◆ EXERCISE DETAILS:
Output the number of lines in the entries below with the string "assms" in them, and nothing further.

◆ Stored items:

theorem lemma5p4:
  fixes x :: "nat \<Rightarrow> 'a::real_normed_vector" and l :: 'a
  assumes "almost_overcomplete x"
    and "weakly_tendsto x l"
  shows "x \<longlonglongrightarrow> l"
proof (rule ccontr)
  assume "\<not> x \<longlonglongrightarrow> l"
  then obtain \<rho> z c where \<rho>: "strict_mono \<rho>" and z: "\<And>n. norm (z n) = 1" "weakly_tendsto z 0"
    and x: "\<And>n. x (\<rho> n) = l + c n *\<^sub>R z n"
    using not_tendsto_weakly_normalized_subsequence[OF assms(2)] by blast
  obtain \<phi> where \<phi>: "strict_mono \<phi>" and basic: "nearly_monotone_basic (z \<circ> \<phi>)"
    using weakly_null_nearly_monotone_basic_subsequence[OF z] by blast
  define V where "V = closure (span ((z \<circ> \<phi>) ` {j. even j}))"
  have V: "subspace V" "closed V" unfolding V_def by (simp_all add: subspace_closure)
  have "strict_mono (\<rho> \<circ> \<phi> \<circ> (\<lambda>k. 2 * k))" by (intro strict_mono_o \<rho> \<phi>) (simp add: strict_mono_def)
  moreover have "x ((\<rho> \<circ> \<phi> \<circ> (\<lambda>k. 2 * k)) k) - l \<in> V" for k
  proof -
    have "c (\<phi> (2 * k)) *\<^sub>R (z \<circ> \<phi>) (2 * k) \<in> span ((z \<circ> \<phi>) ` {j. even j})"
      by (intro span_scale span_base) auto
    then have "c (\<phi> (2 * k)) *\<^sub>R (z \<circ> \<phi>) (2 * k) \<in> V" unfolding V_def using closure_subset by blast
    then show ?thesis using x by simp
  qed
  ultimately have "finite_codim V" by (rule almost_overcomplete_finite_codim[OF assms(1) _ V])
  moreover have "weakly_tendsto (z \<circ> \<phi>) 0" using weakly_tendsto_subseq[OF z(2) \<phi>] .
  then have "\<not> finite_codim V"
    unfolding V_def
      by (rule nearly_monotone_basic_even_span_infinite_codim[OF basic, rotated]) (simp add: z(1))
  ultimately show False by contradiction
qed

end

* * *

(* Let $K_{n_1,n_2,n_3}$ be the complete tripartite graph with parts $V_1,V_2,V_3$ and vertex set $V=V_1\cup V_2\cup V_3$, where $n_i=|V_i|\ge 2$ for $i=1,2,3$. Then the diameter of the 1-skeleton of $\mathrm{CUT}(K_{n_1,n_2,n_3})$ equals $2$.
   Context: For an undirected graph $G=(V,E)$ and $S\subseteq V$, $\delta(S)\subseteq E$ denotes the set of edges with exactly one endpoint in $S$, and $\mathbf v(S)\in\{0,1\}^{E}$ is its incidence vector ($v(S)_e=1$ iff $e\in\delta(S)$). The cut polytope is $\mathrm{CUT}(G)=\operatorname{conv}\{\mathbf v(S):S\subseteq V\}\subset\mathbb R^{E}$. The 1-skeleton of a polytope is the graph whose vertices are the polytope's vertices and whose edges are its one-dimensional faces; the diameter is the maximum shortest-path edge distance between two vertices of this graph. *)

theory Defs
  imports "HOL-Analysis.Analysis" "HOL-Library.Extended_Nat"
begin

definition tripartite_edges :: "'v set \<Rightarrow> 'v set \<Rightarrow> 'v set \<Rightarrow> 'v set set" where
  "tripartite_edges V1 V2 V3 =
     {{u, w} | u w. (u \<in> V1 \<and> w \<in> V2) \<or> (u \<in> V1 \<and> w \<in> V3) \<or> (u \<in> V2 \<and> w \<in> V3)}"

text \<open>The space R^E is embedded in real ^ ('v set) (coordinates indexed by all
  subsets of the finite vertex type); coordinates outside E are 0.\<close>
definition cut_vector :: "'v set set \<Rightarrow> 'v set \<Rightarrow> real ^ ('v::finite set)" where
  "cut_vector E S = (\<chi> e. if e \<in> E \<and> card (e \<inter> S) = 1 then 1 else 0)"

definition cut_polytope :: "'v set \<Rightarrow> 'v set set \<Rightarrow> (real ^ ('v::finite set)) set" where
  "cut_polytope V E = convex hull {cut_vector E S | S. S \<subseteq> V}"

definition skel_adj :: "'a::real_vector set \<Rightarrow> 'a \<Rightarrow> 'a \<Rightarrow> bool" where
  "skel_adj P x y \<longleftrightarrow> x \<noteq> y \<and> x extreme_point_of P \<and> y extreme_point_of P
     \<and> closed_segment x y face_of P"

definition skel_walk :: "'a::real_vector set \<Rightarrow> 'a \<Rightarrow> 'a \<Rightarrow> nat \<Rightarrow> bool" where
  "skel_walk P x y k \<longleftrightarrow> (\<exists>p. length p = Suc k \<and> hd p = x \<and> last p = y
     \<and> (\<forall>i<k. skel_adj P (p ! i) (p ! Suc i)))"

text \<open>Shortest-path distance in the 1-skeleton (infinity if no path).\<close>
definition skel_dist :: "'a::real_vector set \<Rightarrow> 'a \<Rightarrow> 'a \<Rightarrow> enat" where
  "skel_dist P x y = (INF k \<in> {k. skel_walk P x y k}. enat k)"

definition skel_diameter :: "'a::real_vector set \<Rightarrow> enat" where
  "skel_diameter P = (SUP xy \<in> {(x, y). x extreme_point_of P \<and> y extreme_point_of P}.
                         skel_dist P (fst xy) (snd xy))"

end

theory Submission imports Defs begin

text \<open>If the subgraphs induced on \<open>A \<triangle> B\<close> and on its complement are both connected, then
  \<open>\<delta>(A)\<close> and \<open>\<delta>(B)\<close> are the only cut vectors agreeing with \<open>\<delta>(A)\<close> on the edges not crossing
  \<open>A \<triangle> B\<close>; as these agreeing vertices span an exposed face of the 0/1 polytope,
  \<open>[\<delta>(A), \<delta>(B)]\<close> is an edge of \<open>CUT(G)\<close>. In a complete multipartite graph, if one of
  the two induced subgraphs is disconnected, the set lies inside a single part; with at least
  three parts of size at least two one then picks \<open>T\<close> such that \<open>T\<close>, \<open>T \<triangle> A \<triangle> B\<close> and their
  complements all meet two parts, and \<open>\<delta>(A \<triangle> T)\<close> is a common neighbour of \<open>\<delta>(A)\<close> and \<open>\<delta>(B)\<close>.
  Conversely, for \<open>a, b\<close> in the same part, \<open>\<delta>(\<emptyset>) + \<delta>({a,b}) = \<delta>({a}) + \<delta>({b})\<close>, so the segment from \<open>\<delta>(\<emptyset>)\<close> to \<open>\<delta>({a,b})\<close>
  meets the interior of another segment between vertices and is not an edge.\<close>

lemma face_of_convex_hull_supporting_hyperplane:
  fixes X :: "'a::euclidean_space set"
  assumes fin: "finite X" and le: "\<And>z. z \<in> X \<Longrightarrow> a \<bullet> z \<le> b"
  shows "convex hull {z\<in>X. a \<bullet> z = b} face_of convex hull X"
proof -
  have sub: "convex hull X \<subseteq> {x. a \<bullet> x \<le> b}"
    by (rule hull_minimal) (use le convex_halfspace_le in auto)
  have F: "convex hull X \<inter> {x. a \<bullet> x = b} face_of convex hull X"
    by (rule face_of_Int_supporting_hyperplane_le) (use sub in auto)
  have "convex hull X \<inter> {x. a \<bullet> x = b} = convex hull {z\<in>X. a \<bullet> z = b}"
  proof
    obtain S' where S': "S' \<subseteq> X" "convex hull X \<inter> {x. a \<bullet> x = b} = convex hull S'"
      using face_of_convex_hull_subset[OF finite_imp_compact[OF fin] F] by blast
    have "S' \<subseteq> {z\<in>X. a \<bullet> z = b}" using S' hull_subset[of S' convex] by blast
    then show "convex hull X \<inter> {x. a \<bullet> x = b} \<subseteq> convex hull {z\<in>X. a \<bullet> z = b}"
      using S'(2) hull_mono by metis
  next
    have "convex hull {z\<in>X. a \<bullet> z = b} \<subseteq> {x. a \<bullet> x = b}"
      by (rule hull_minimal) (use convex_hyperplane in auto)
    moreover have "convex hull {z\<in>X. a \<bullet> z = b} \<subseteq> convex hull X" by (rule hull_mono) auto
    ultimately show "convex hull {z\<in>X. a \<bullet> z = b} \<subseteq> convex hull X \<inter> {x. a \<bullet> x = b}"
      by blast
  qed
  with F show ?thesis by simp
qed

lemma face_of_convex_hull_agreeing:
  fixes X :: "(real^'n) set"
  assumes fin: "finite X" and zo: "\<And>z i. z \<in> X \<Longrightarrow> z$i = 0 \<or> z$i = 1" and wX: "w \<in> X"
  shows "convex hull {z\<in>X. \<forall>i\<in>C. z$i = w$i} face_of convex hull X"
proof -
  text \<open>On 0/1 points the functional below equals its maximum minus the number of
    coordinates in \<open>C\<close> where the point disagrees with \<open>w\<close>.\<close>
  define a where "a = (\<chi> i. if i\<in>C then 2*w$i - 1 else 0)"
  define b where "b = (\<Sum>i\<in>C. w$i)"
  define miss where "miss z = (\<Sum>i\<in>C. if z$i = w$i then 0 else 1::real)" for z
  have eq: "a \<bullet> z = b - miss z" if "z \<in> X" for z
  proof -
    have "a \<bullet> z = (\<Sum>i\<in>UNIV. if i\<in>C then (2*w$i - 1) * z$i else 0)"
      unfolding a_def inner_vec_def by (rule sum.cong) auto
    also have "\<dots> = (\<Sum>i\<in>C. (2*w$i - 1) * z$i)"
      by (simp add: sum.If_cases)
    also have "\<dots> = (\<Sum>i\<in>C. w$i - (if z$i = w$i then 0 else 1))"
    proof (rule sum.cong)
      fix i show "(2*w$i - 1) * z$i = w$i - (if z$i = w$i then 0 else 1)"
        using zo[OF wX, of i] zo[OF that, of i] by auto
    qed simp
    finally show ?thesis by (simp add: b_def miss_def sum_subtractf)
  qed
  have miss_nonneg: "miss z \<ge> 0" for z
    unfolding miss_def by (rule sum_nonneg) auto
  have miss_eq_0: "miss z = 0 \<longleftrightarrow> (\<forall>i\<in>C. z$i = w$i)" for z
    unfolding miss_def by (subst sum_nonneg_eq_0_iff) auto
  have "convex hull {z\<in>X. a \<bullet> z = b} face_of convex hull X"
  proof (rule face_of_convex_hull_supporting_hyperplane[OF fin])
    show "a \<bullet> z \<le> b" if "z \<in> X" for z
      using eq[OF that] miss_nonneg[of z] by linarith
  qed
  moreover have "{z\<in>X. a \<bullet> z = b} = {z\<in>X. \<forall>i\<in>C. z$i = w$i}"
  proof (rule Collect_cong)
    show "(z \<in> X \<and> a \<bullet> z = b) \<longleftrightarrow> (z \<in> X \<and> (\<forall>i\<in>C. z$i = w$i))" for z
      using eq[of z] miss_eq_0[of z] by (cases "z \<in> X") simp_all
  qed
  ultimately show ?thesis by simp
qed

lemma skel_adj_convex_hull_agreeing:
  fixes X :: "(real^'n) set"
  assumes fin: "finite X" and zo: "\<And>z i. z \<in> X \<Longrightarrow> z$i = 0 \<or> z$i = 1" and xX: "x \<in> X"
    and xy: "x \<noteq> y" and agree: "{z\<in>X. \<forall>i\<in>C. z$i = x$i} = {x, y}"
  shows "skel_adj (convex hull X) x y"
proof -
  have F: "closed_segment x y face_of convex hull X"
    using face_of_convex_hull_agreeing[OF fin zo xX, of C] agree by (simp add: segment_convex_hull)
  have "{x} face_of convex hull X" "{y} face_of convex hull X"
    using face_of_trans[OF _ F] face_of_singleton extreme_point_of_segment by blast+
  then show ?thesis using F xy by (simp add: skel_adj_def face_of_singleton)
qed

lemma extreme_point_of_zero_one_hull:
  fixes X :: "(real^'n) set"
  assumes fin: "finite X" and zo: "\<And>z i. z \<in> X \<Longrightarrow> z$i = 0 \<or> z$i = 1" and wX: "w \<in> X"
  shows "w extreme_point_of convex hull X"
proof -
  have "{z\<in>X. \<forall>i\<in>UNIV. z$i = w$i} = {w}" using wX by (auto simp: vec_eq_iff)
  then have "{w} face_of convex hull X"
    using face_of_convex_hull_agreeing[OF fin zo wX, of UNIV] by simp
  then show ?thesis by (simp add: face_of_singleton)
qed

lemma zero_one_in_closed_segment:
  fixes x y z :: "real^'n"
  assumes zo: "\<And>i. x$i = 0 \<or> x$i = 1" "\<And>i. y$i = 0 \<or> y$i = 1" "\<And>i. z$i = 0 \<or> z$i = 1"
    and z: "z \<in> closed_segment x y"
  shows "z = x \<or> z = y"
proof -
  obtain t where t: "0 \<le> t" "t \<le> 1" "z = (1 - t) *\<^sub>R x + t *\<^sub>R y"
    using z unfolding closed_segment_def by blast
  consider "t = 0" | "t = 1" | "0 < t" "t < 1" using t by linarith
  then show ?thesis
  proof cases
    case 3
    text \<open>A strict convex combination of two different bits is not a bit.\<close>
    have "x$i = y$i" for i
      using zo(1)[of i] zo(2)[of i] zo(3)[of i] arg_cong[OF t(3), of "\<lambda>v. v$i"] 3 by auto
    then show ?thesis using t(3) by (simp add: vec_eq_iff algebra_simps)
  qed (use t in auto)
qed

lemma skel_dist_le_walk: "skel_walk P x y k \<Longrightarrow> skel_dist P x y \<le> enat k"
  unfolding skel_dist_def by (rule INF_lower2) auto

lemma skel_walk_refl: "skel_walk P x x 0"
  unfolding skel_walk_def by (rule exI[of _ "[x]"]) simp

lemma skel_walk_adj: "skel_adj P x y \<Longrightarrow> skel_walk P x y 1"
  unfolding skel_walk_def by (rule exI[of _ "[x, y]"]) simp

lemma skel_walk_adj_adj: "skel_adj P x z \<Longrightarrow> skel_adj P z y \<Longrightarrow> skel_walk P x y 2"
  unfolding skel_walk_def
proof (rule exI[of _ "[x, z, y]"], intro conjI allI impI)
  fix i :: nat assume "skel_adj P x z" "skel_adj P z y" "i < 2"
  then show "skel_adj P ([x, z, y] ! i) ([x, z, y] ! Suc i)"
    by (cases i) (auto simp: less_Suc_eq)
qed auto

* * *

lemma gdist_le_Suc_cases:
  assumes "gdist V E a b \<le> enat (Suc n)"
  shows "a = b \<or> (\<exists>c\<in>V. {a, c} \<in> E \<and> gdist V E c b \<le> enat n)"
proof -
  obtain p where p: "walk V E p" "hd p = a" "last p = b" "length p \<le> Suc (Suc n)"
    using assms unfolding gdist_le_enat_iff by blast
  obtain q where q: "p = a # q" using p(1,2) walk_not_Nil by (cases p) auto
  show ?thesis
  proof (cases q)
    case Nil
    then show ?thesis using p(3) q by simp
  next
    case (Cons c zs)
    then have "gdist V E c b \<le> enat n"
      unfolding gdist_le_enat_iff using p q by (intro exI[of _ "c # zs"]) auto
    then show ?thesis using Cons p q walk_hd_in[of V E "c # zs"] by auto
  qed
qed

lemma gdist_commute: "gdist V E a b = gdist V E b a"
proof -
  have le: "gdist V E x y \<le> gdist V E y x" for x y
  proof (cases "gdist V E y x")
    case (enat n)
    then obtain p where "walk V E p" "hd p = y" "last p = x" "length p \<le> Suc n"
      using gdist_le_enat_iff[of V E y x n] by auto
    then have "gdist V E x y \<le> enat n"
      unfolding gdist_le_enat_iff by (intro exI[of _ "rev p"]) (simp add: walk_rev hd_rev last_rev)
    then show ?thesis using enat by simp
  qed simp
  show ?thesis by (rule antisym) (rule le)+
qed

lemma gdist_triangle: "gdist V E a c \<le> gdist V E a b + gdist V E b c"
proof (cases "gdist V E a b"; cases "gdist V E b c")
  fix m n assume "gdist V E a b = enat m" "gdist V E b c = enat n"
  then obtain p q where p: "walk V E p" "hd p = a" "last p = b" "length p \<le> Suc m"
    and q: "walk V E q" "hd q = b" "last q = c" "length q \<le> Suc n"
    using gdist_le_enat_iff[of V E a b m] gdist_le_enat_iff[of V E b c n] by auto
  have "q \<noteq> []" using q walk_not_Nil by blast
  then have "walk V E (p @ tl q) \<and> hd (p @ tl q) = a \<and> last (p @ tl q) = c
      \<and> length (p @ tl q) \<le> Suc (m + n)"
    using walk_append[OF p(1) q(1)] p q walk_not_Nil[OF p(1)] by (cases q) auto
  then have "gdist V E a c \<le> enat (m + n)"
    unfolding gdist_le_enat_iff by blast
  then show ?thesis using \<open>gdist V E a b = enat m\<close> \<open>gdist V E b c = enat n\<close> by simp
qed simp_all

◆ EXERCISE SOLUTION:
3